● **WHAT TO WORK ON**: In the entries below, count each line holding the word "lemma". Answer with the total alone.

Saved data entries
definition axStar :: "('a \<Rightarrow> 's \<Rightarrow> 's) \<Rightarrow> nat \<Rightarrow> (nat \<Rightarrow> 's \<Rightarrow> 'v) \<Rightarrow> (nat \<Rightarrow> 'v set) \<Rightarrow> bool" where
  "axStar do n f D \<longleftrightarrow>
     (\<forall>x \<in> PiE {..<n} D. \<exists>\<iota>. Init do \<iota> \<and> (\<forall>i<n. f i \<iota> = x i)) \<and>
     (\<forall>\<iota> \<iota>'. Init do \<iota> \<and> Init do \<iota>' \<and> (\<forall>i<n. f i \<iota> = f i \<iota>') \<longrightarrow> \<iota> = \<iota>')"

definition cond_term :: "('z \<Rightarrow> bool) \<Rightarrow> ('z \<Rightarrow> real) \<Rightarrow> real \<Rightarrow> bool" where
  "cond_term \<psi> t u \<longleftrightarrow>
     ((\<exists>z. \<psi> z) \<longrightarrow> (\<forall>z. \<psi> z \<longrightarrow> u = t z)) \<and> ((\<not> (\<exists>z. \<psi> z)) \<longrightarrow> u = 0)"

text \<open>Sum over {s' : phi[s']} of p(s', S): the finite sum over those s' satisfying
  phi with nonzero weight.\<close>
definition sitSum :: "('s \<Rightarrow> 's \<Rightarrow> real) \<Rightarrow> ('s \<Rightarrow> bool) \<Rightarrow> 's \<Rightarrow> real" where
  "sitSum p P S = (\<Sum>s' \<in> {s'. P s' \<and> p s' S \<noteq> 0}. p s' S)"

definition vecTerm :: "('a \<Rightarrow> 's \<Rightarrow> 's) \<Rightarrow> 's \<Rightarrow> ('s \<Rightarrow> 's \<Rightarrow> real) \<Rightarrow> nat \<Rightarrow> (nat \<Rightarrow> 's \<Rightarrow> 'v)
    \<Rightarrow> ((nat \<Rightarrow> 'v) \<Rightarrow> bool) \<Rightarrow> 'a list \<Rightarrow> (nat \<Rightarrow> 'v) \<Rightarrow> real \<Rightarrow> bool" where
  "vecTerm do S0 p n f \<phi> \<alpha> x u \<longleftrightarrow>
     cond_term (\<lambda>\<iota>. Init do \<iota> \<and> (\<forall>i<n. f i \<iota> = x i) \<and> \<phi> (fvec n f (doSeq do \<alpha> \<iota>)))
               (\<lambda>\<iota>. p (doSeq do \<alpha> \<iota>) (doSeq do \<alpha> S0)) u"

end

theory Submission
  imports Defs
begin

text \<open>By (P1) and (P2), p(s', do(\<alpha>, S0)) can only be nonzero at situations
  s' = do(\<alpha>, \<iota>) with \<iota> initial, and do(\<alpha>, -) is injective by the foundational
  axioms. Axiom (\<star>) makes the fluent vector a bijection between initial
  situations and value vectors, under which the \<iota>-term of the vector sum at x is
  exactly the weight of do(\<alpha>, \<iota>) for the unique \<iota> with fluent values x. Hence each
  sum over situations equals the corresponding sum over value vectors.\<close>

lemma doSeq_snoc: "doSeq do (as @ [a]) s = do a (doSeq do as s)"
  by (simp add: doSeq_def)

lemma doSeq_inj:
  assumes "\<forall>a1 a2 s1 s2. do a1 s1 = do a2 s2 \<longrightarrow> a1 = a2 \<and> s1 = s2"
  shows "inj (doSeq do as)"
proof (induction as rule: rev_induct)
  case Nil
  show ?case by (simp add: doSeq_def)
next
  case (snoc a as)
  show ?case
  proof (rule injI)
    fix s1 s2
    assume "doSeq do (as @ [a]) s1 = doSeq do (as @ [a]) s2"
    then have "do a (doSeq do as s1) = do a (doSeq do as s2)" by (simp add: doSeq_snoc)
    with assms have "doSeq do as s1 = doSeq do as s2" by blast
    with snoc.IH show "s1 = s2" by (simp add: inj_eq)
  qed
qed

● **ANSWER TO THE PROBLEM**: 2